Fragen und Antworten für Krebspatient*innen und Angehörige

GEHÖREN ALLE KREBSPATIENT*INNEN ZUR RISIKOGRUPPE?

Nicht alle Krebspatient*innen gehören zur Risikogruppe und müssen einen schweren Verlauf einer Corona-Infektion befürchten. Es gibt mehrere Faktoren, die den Verlauf beeinflussen. Dazu gehört auch die Erkrankungssituation. Ist die Krebserkrankung geheilt, d.h. die Erstbehandlung wurde erfolgreich abgeschlossen, besteht nach aktuellem Stand kein erhöhtes Risiko. Patient*innen, bei denen die Krebserkrankung noch aktiv ist, bzw. deren Therapie noch nicht beendet ist, haben ein höheres Risiko für einen schweren Verlauf. Insbesondere Patient*innen, deren Immunsystem aber durch Leukämien, Lymphome, durch eine niedrige Zahl weißer Blutkörperchen oder niedrige Immunglobulinwerte, langdauernde Unterdrückung des Immunsystems wie durch Steroide oder eine Fremdspender-Stammzelltransplantation geschwächt ist, haben ein deutlich höheres Risiko für einen schweren Verlauf. Dennoch gilt: eine pauschale Einstufung von Krebspatient*innen als Risikogruppe für einen schweren Verlauf von COVID-19 ist nicht gerechtfertigt.

GEFÄHRDET DAS CORONAVIRUS DIE VERSORGUNG VON KREBSPATIENT*INNEN?

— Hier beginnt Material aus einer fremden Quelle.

theorem proposition2:
  fixes \<theta> \<theta>g0 \<theta>0 :: "real^'q" and \<gamma> :: real
    \<comment> \<open>continuous-time data\<close>
    and \<phi> :: "real \<Rightarrow> real^'q" and \<gamma>g :: "real \<Rightarrow> real"
    and thg Th :: "real \<Rightarrow> real^'q" and Phi :: "real \<Rightarrow> real^'q^'q"
    \<comment> \<open>discrete-time data\<close>
    and \<phi>d :: "nat \<Rightarrow> real^'q" and \<gamma>gd :: "nat \<Rightarrow> real"
    and thgd Thd :: "nat \<Rightarrow> real^'q" and Phid :: "nat \<Rightarrow> real^'q^'q"
  assumes gamma_pos: "\<gamma> > 0"
    \<comment> \<open>CT hypotheses\<close>
    and ct_gg_pos: "\<And>t. t \<ge> 0 \<Longrightarrow> \<gamma>g t > 0"
    and ct_gg_cont: "continuous_on {0..} \<gamma>g"
    and ct_phi_cont: "continuous_on {0..} \<phi>"
    and ct_phi_bdd: "bounded (\<phi> ` {0..})"
    and ct_thg: "\<And>t. t \<ge> 0 \<Longrightarrow> (thg has_vector_derivative
          (- (\<gamma>g t *\<^sub>R (outer (\<phi> t) (\<phi> t) *v thg t)) + (\<gamma>g t * (\<phi> t \<bullet> \<theta>)) *\<^sub>R \<phi> t))
          (at t within {0..})"
    and ct_thg0: "thg 0 = \<theta>g0"
    and ct_Phi: "\<And>t. t \<ge> 0 \<Longrightarrow> (Phi has_vector_derivative
          (- (\<gamma>g t *\<^sub>R (outer (\<phi> t) (\<phi> t) ** Phi t)))) (at t within {0..})"
    and ct_Phi0: "Phi 0 = mat 1"
    and ct_Th: "\<And>t. t \<ge> 0 \<Longrightarrow> (Th has_vector_derivative
          (\<gamma> * det (mat 1 - Phi t)) *\<^sub>R
            (adjugate (mat 1 - Phi t) *v (thg t - Phi t *v \<theta>g0)
             - det (mat 1 - Phi t) *\<^sub>R Th t)) (at t within {0..})"
    and ct_Th0: "Th 0 = \<theta>0"
    and ct_ident: "\<exists>\<tau> :: 'q \<Rightarrow> real. (\<forall>i. \<tau> i > 0) \<and>
          rank (\<chi> i j. \<phi> (\<tau> j) $ i) = CARD('q)"
    \<comment> \<open>DT hypotheses\<close>
    and dt_gg_pos: "\<And>k. \<gamma>gd k > 0"
    and dt_phi_bdd: "bounded (range \<phi>d)"
    and dt_thg: "\<And>k. thgd (Suc k) =
          (mat 1 - (1 / (\<gamma>gd k + (norm (\<phi>d k))\<^sup>2)) *\<^sub>R outer (\<phi>d k) (\<phi>d k)) *v thgd k
          + ((1 / (\<gamma>gd k + (norm (\<phi>d k))\<^sup>2)) * (\<phi>d k \<bullet> \<theta>)) *\<^sub>R \<phi>d k"
    and dt_thg0: "thgd 0 = \<theta>g0"
    and dt_Phi: "\<And>k. Phid (Suc k) =
          (mat 1 - (1 / (\<gamma>gd k + (norm (\<phi>d k))\<^sup>2)) *\<^sub>R outer (\<phi>d k) (\<phi>d k)) ** Phid k"
    and dt_Phi0: "Phid 0 = mat 1"
    and dt_Th: "\<And>k. Thd (Suc k) = Thd k +
          (det (mat 1 - Phid k) / (\<gamma> + (det (mat 1 - Phid k))\<^sup>2)) *\<^sub>R
            (adjugate (mat 1 - Phid k) *v (thgd k - Phid k *v \<theta>g0)
             - det (mat 1 - Phid k) *\<^sub>R Thd k)"
    and dt_Th0: "Thd 0 = \<theta>0"
    and dt_ident: "\<exists>\<tau> :: 'q \<Rightarrow> nat. rank (\<chi> i j. \<phi>d (\<tau> j) $ i) = CARD('q)"
  shows "(\<exists>c r. r > 0 \<and> (\<forall>t\<ge>0. norm (Th t - \<theta>) \<le> c * exp (- r * t)))
       \<and> (\<exists>c r. r > 0 \<and> (\<forall>k. norm (Thd k - \<theta>) \<le> c * exp (- r * real k)))"
proof
  show "\<exists>c r. r > 0 \<and> (\<forall>t\<ge>0. norm (Th t - \<theta>) \<le> c * exp (- r * t))"
    by (rule ct_estimator_exp_convergence[OF ct_gg_pos ct_Phi ct_Phi0 ct_thg ct_thg0 gamma_pos ct_Th ct_ident])
next
  define c where "c k = 1 / (\<gamma>gd k + (norm (\<phi>d k))\<^sup>2)" for k
  have "c k > 0 \<and> c k * (norm (\<phi>d k))\<^sup>2 < 2" for k
  proof -
    have "\<gamma>gd k + (norm (\<phi>d k))\<^sup>2 > 0"
      using dt_gg_pos[of k] by (simp add: add_pos_nonneg)
    with dt_gg_pos[of k] show ?thesis
      by (simp add: c_def field_simps)
  qed
  then show "\<exists>c r. r > 0 \<and> (\<forall>k. norm (Thd k - \<theta>) \<le> c * exp (- r * real k))"
    using dt_estimator_exp_convergence[of c \<phi>d Phid thgd \<theta> \<theta>g0 \<gamma> Thd] dt_Phi dt_Phi0 dt_thg dt_thg0
      gamma_pos dt_Th dt_ident
    unfolding c_def by blast
qed

end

Im UniversitätsKrebszentrum der Universitätsmedizin Göttingen finden aktuell wie während der gesamten bisherigen Pandemie alle notwendigen onkologischen Behandlungen statt. Dies entspricht auch der Empfehlung der Deutschen Gesellschaft für Hämatologie und medizinische Onkologie (DGHO) und der Deutschen Krebsgesellschaft (DKG). Bei akut an Krebs erkrankten Patient*innen ist der Nutzen einer sinnvollen und geplanten Krebstherapie viel höher als das Risiko einer möglichen Infektion mit dem Coronavirus mit möglichen Todes- oder Langzeitfolgen. Ist die Erkrankung gut kontrolliert, kann abgewogen werden, eine sog. Erhaltungstherapie auch einmal zu verschieben. Das wird aber im Einzelfall zwischen Patient*in und Ärzt*in besprochen.

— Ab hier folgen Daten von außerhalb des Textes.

theorem corollary4:
  fixes \<phi> :: "'a mform"
  shows "\<exists>\<psi>. unary_nf \<psi> \<and> mht_equiv \<phi> \<psi>"
proof (intro exI conjI)
  show "unary_nf (to_unary_nf \<phi>)" by (rule unary_nf_to_unary_nf)
  show "mht_equiv \<phi> (to_unary_nf \<phi>)"
    unfolding mht_equiv_def Iff_def
  proof (intro allI impI)
    fix H T :: "nat \<Rightarrow> 'a set" and tau lam k
    assume "strict_timed_ht_trace H T tau lam \<and> enat k < lam"
    then have "strict_mono_on {i. enat i < lam} tau" and "enat k < lam"
      using strict_timed_ht_trace_strict_mono by auto
    then show "sat H T tau lam k (Conj (Impl \<phi> (to_unary_nf \<phi>)) (Impl (to_unary_nf \<phi>) \<phi>))"
      by (simp add: sat_to_unary_nf)
  qed
qed

end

Die Studie eines großen deutschen Klinikbetreibers hatte ergeben, dass in dessen Einrichtungen im ersten Lockdown im März 2020 weniger Krebsbehandlungen im Vergleich zum selben Zeitraum des Vorjahres erfolgt waren. In Betrachtung des Kalenderjahres 2020 können wir für die UMG keinen Rückgang in der Behandlung von Krebspatient*innen verzeichnen. Um Krebs allerdings erfolgreich behandeln zu können, ist eine frühzeitige Diagnose entscheidend für den Therapieerfolg. Deshalb appelliert die Corona Task Force der Deutschen Krebshilfe, des Deutschen Krebsforschungszentrums und der Deutschen Krebsgesellschaft dafür, Vorsorge- und Früherkennungsuntersuchungen weiterhin wahrzunehmen. Achten Sie auf Veränderungen und Symptome und lassen Sie diese von Ihrem Arzt abklären. Haben Sie keine Angst, die Praxen und Kliniken aufzusuchen. Diese halten gute Hygienekonzepte bereit, um Sie als Patient*innen zu schützen. Und früh erkannt, sind die Heilungschancen in fast allen Fällen deutlich höher.

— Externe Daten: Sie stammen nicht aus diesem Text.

lemma map_cls_eq_if_corner_eq:
  assumes F: "F \<in> Kn n" and G: "G \<in> Kn m" and L: "L < 5"
    and FG: "cls n (F!L) = cls m (G!L)"
  shows "map (cls n) F = map (cls m) G"
proof -
  have wf: "wf_face n F" "wf_face m G" using F G by (simp_all add: wf_face_Kn)
  have F0_nth: "F0 ! L = V L" using less_5_cases[OF L] by (auto simp: F0_def)
  consider (level0) "n = 0" "m = 0" | (mixed) "n = 0 \<and> 1 \<le> m \<or> m = 0 \<and> 1 \<le> n"
    | (positive) "1 \<le> n" "1 \<le> m"
    by linarith
  then show ?thesis
  proof cases
    case level0
    then show ?thesis using F G by (simp add: Kn_def)
  next
    case mixed
    then show ?thesis
    proof
      assume "n = 0 \<and> 1 \<le> m"
      then show ?thesis using F FG cls_level0_neq[OF _ L] F0_nth by (simp add: Kn_def)
    next
      assume "m = 0 \<and> 1 \<le> n"
      then show ?thesis using G FG[symmetric] cls_level0_neq[OF _ L] F0_nth by (simp add: Kn_def)
    qed
  next
    case positive
    have "(m, G!L) \<in> cls n (F!L)" using FG by (simp add: mem_cls)
    then have "map (iota ^^ m) F ! L = map (iota ^^ n) G ! L"
      using wf L by (simp add: mem_cls wf_face_def)
    moreover have "map (iota ^^ m) F \<in> Kn (n + m)" "map (iota ^^ n) G \<in> Kn (n + m)"
      using Kn_iota_pow[OF F, of m] Kn_iota_pow[OF G, of n] by (simp_all add: add.commute)
    ultimately have lifted: "map (iota ^^ m) F = map (iota ^^ n) G"
      using corners_determine_facesD[OF conjunct1[OF Kn_corners_edges_determine_faces] _ _ L] by blast
    show ?thesis
    proof (rule nth_equalityI)
      show "length (map (cls n) F) = length (map (cls m) G)"
        using wf by (simp add: wf_face_def)
    next
      fix i assume "i < length (map (cls n) F)"
      then have i: "i < 5" using wf by (simp add: wf_face_def)
      have "(iota ^^ m) (F!i) = (iota ^^ n) (G!i)"
        using arg_cong[OF lifted, of "\<lambda>xs. xs ! i"] wf i by (simp add: wf_face_def)
      then show "map (cls n) F ! i = map (cls m) G ! i"
        using cls_eq[OF positive] wf_face_vertex_simps(3)[OF wf(1) i]
          wf_face_vertex_simps(3)[OF wf(2) i] wf i by (simp add: wf_face_def)
    qed
  qed
qed

lemma length_K_faces: "X \<in> K_faces \<Longrightarrow> length X = 5"
  unfolding K_faces_def using wf_face_Kn by (auto simp: wf_face_def)

lemma K_faces_corners_determine_faces: "corners_determine_faces K_faces"
  unfolding corners_determine_faces_def
proof (intro ballI allI impI)
  fix X Y L assume "X \<in> K_faces" "Y \<in> K_faces" "L < (5::nat)" "X!L = Y!L"
  moreover obtain n F m G where "F \<in> Kn n" "G \<in> Kn m"
    and X_def: "X = map (cls n) F" and Y_def: "Y = map (cls m) G"
    using \<open>X \<in> K_faces\<close> \<open>Y \<in> K_faces\<close> unfolding K_faces_def by blast
  ultimately have "cls n (F!L) = cls m (G!L)"
    using length_K_faces[of X] length_K_faces[of Y] by simp
  then show "X = Y"
    unfolding X_def Y_def by (rule map_cls_eq_if_corner_eq[OF \<open>F \<in> Kn n\<close> \<open>G \<in> Kn m\<close> \<open>L < 5\<close>])
qed

section \<open>Isomorphisms fixing a vertex\<close>

lemma chain_connected_induct:
  assumes "chain_connected P" "F \<in> P" "G \<in> P" "Q F"
    and step: "\<And>X Y. X \<in> P \<Longrightarrow> Y \<in> P \<Longrightarrow> share_edge X Y \<Longrightarrow> Q X \<Longrightarrow> Q Y"
  shows "Q G"
proof -
  obtain cs where cs: "cs \<noteq> []" "hd cs = F" "last cs = G" "set cs \<subseteq> P"
    and adjacent: "\<And>i. Suc i < length cs \<Longrightarrow> share_edge (cs ! i) (cs ! Suc i)"
    using assms(1-3) unfolding chain_connected_def by blast
  have "Q (cs ! i)" if "i < length cs" for i
    using that
  proof (induction i)
    case 0
    then show ?case using cs(1,2) \<open>Q F\<close> by (simp add: hd_conv_nth)
  next
    case (Suc i)
    then have "cs ! i \<in> P" "cs ! Suc i \<in> P" using cs(4) nth_mem by fastforce+
    with Suc show ?case using step adjacent by simp
  qed
  then have "Q (last cs)" using cs(1) by (simp add: last_conv_nth)
  then show ?thesis using cs(3) by simp
qed

lemma share_edge_common_vertex:
  assumes "share_edge X Y" "length X = 5" "length Y = 5"
  obtains a where "a \<in> set X" "a \<in> set Y"
proof -
  obtain i j where ij: "i < 5" "j < 5" and eq: "{X!i, X!((i + 1) mod 5)} = {Y!j, Y!((j + 1) mod 5)}"
    using assms(1) unfolding share_edge_def face_edges_def by blast
  have "X!i \<in> set X" using ij assms(2) by simp
  moreover have "X!i \<in> set Y"
    using eq ij assms(3) by (auto simp: doubleton_eq_iff)
  ultimately show thesis by (rule that)
qed

lemma map_fixes_face:
  assumes "X \<in> K_faces" "map \<phi> X \<in> K_faces" "a \<in> set X" "\<phi> a = a"
  shows "map \<phi> X = X"
proof -
  obtain L where "L < length X" "X!L = a"
    using assms(3) by (auto simp: in_set_conv_nth)
  then show ?thesis
    using corners_determine_facesD[OF K_faces_corners_determine_faces assms(2,1)] assms(4)
      length_K_faces[OF assms(1)] by simp
qed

WIE KANN ICH MICH SELBST SCHÜTZEN?

Das Coronavirus kann von Mensch zu Mensch durch Tröpfchen beim Sprechen, Husten oder Niesen übertragen werden. Es ist zudem möglich, dass Viren von Oberflächen oder beim Händeschütteln übertragen werden (Schmierinfektion), wenn man sich danach in das Gesicht fasst. Deshalb sollten sich Krebspatienten immer, besonders aber während der Pandemie, an die folgenden Hygieneregeln halten:

  • Reduzieren Sie den Kontakt zu anderen Personen.
  • Halten Sie möglichst zwei Meter Abstand zu anderen Personen und beachten Sie die Husten- und Nies-Etikette.
  • Tragen Sie einen medizinischen Mund-Nasenschutz oder eine FFP2-Maske.
  • Lüften Sie regelmäßig, wenn Sie sich in Innenräumen mit anderen Personen aufhalten.
  • Achten Sie auf eine gründliche und regelmäßige Händehygiene.
  • Lassen Sie sich gegen Influenza und Pneumokokken impfen. So reduzieren Sie das Risiko weiterer Infektionen. Sprechen Sie hierzu mit Ihrem Arzt.
  • Hören Sie auf zu Rauchen und bewegen sich regelmäßig.
  • Ernähren Sie sich ausgewogen und gesund.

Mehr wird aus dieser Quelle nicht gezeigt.